Corporate America is trying to figure out how to rein in rising AI spending. This helps payment software giant Ramp.

The expense management company announced a $750 million financing round on Thursday at a $44 billion valuation. The tour was managed by ICONIQ. GIC And Ontario Teachers’ Pension Planand represents a roughly 38% increase in Ramp’s valuation.

The New York-based company has surpassed $1 billion in annual revenue with positive free cash flow, according to CEO Eric Glyman. The growth is driven in part by enterprise customers grappling with AI spending consuming a larger share of budgets.

“We found that tokens cost a lot of money, and most CFOs not only don’t plan for that (steep growth) in their annual plans, but they don’t have great tools to manage it,” Glyman said in an interview with CNBC on Thursday. “Suddenly the third pillar has emerged; spending through tokens and intelligence. This is not a clean area of ​​spending.”

Eric Glyman and Karim Atiyeh, co-founders of corporate card startup Ramp

Ramp now has a product to help customers manage their AI spend. It helps companies direct AI models to perform tasks that can be done at a fraction of the cost. For CFOs, that price often comes in the form of being paid in “tokens,” units that AI companies use to measure usage.

Glyman said CFOs are often surprised by how much they actually spend.

“People say this is the biggest opportunity we’ve had in our career to grow our business, but it’s still the fastest growing product line,” he said. “The problem is that most companies use frontier models, this state-of-the-art intelligence for everything. … Don’t get me wrong, you may want to have super-advanced intelligence to run your most critical analysis, but you may not need it to organize your email.”

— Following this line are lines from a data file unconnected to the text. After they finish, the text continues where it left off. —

lemma isotropic_orthogonal_if_nonpos:
  assumes "even_lattice Q"
    and nonpos: "\<And>x. bfR Q x u = 0 \<Longrightarrow> bfR Q x x \<le> 0"
    and y: "bfR Q y u = 0" "bfR Q y y = 0" and z: "bfR Q z u = 0"
  shows "bfR Q y z = 0"
proof (rule ccontr)
  define c where "c = bfR Q y z"
  define d where "d = bfR Q z z"
  define t where "t = c / (1 - d)"
  assume "bfR Q y z \<noteq> 0"
  hence "c \<noteq> 0" by (simp add: c_def)
  have "d \<le> 0" using nonpos[OF z] by (simp add: d_def)
  have "bfR Q (y + t *\<^sub>R z) u = 0"
    using y z by (simp add: bfR_add_left bfR_scaleR_left)
  hence "bfR Q (y + t *\<^sub>R z) (y + t *\<^sub>R z) \<le> 0" by (rule nonpos)
  moreover have "bfR Q (y + t *\<^sub>R z) (y + t *\<^sub>R z) = 2 * t * c + t^2 * d"
    using y bfR_sym[OF assms(1), of z y]
    by (simp add: bfR_add_left bfR_add_right bfR_scaleR_left bfR_scaleR_right c_def d_def
        power2_eq_square algebra_simps)
  moreover have "c = t * (1 - d)"
    using \<open>d \<le> 0\<close> by (simp add: t_def)
  hence "2 * t * c + t^2 * d = t^2 * (2 - d)"
    by (simp only:) (simp add: power2_eq_square algebra_simps)
  moreover have "t^2 * (2 - d) > 0"
    using \<open>c \<noteq> 0\<close> \<open>d \<le> 0\<close> by (simp add: t_def)
  ultimately show False by linarith
qed

lemma polarized_bfR_perp_neg:
  assumes pol: "polarized Q h" and y: "bfR Q y (rvec h) = 0" "y \<noteq> 0"
  shows "bfR Q y y < 0"
proof (rule ccontr)
  assume "\<not> bfR Q y y < 0"
  hence yy: "bfR Q y y = 0"
    using polarized_bfR_perp_nonpos[OF pol y(1)] by simp
  have ev: "even_lattice Q" by (rule polarized_even_lattice[OF pol])
  have nondeg: "nondegenerate Q" using pol unfolding polarized_def hyperbolic_def by blast
  have hh: "bfR Q (rvec h) (rvec h) > 0"
    using pol unfolding polarized_def by (simp add: bfR_rvec)
  \<comment> \<open>an isotropic vector of the complement of h is orthogonal to it and to h, hence radical\<close>
  have "bfR Q y x = 0" for x
  proof -
    define s where "s = bfR Q x (rvec h) / bfR Q (rvec h) (rvec h)"
    have "bfR Q (x - s *\<^sub>R rvec h) (rvec h) = 0"
      using hh by (simp add: bfR_diff_left bfR_scaleR_left s_def)
    hence "bfR Q y (x - s *\<^sub>R rvec h) = 0"
      using isotropic_orthogonal_if_nonpos[OF ev polarized_bfR_perp_nonpos[OF pol] y(1) yy]
      by blast
    thus ?thesis
      using y(1) bfR_sym[OF ev, of y "rvec h"] by (simp add: bfR_diff_right bfR_scaleR_right)
  qed
  hence "y = 0" by (rule nondegenerate_bfR_radical[OF nondeg])
  with y(2) show False ..
qed

lemma polarized_bf_perp_neg:
  assumes "polarized Q h" and "bf Q x h = 0" and "x \<noteq> 0"
  shows "bf Q x x < 0"
  using polarized_bfR_perp_neg[of Q h "rvec x"] assms by (simp add: bfR_rvec rvec_eq_0_iff)

lemma finite_int_vec_box: "finite {x :: int^'n. \<forall>i. \<bar>x$i\<bar> \<le> B}"
proof -
  have "{x :: int^'n. \<forall>i. \<bar>x$i\<bar> \<le> B} \<subseteq> vec_lambda ` (UNIV \<rightarrow>\<^sub>E {-B..B})"
  proof
    fix x :: "int^'n"
    assume "x \<in> {x. \<forall>i. \<bar>x$i\<bar> \<le> B}"
    hence "restrict (vec_nth x) UNIV \<in> UNIV \<rightarrow>\<^sub>E {-B..B}" by (force simp: abs_le_iff)
    moreover have "x = vec_lambda (restrict (vec_nth x) UNIV)" by (simp add: vec_eq_iff)
    ultimately show "x \<in> vec_lambda ` (UNIV \<rightarrow>\<^sub>E {-B..B})" by blast
  qed
  thus ?thesis by (rule finite_subset) (simp add: finite_PiE)
qed

lemma polarized_bfR_perp_le_norm:
  assumes pol: "polarized Q h"
  obtains c where "c > 0" and "\<And>x. bfR Q x (rvec h) = 0 \<Longrightarrow> bfR Q x x \<le> - c * (norm x)^2"
proof -
  define K where "K = {x. bfR Q x (rvec h) = 0} \<inter> sphere 0 1"
  have "\<exists>c>0. \<forall>u\<in>K. bfR Q u u \<le> - c"
  proof (cases "K = {}")
    case False
    have "compact K"
      unfolding K_def by (intro closed_Int_compact closed_Collect_eq continuous_on_bfR_left)
        (auto intro: continuous_on_const)
    then obtain u0 where u0: "u0 \<in> K" "\<forall>u\<in>K. bfR Q u u \<le> bfR Q u0 u0"
      using continuous_attains_sup[OF _ False continuous_on_bfR_diag] by blast
    have "bfR Q u0 u0 < 0"
      using u0(1) polarized_bfR_perp_neg[OF pol] unfolding K_def by fastforce
    thus ?thesis using u0 by (intro exI[of _ "- bfR Q u0 u0"]) auto
  qed (auto intro: exI[of _ 1])
  then obtain c where c: "c > 0" "\<forall>u\<in>K. bfR Q u u \<le> - c" by blast
  have "bfR Q x x \<le> - c * (norm x)^2" if x: "bfR Q x (rvec h) = 0" for x
  proof (cases "x = 0")
    case False
    define u where "u = (1 / norm x) *\<^sub>R x"
    have "u \<in> K" using x False unfolding K_def u_def by (simp add: bfR_scaleR_left)
    moreover have "bfR Q x x = (norm x)^2 * bfR Q u u"
      using False by (simp add: u_def bfR_scaleR_left bfR_scaleR_right power2_eq_square)
    moreover have "bfR Q u u \<le> - c" using \<open>u \<in> K\<close> c(2) by blast
    ultimately show ?thesis
      by (metis mult_left_mono zero_le_power2 mult.commute)
  qed (simp add: bfR_def)
  with c(1) show ?thesis by (rule that)
qed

There is also the issue of return on this expenditure.

Glyman said those spending the most on AI saw the biggest increases in revenue, and some saw “phenomenal returns on investment.” But the returns are generally for companies that spend effectively on AI.

Glyman said that among the 70,000 businesses using Ramp, those that spent most of their revenue on AI increased their revenue by 12%. Those who spent the least recorded steady growth.

For now, these expenses do not come at the expense of software budgets.

“Despite the movement in the stock market, we have yet to see software spending,” Glyman said. “It continues to grow, but I think the bill will come due.”

Leading model companies like OpenAI and Anthropic have no reason to push people toward a cheaper option, Gylman said.

“They have no incentive to tell people you know the task you want to do. It’s possible to do it at 1/100 the cost,” he said. “Your incentive is really to maximize revenue and profit, and so I think that’s led to the rise of companies like Ramp that can help companies bring in those token spend and controls, but also AI native companies that are making sourcing decisions to direct the mission to the most cost-effective option.”

He also touched on “tokenmaxxing,” an approach where developers use as many tokens as possible. Some companies use this as an indicator of efficiency, but the problem is that more tokens do not mean more value.

“I think it’s the twilight moment of tokenmaxxing,” he said, adding that companies are smart by that measure. “I think the tokenmaxxing era is coming to an end.”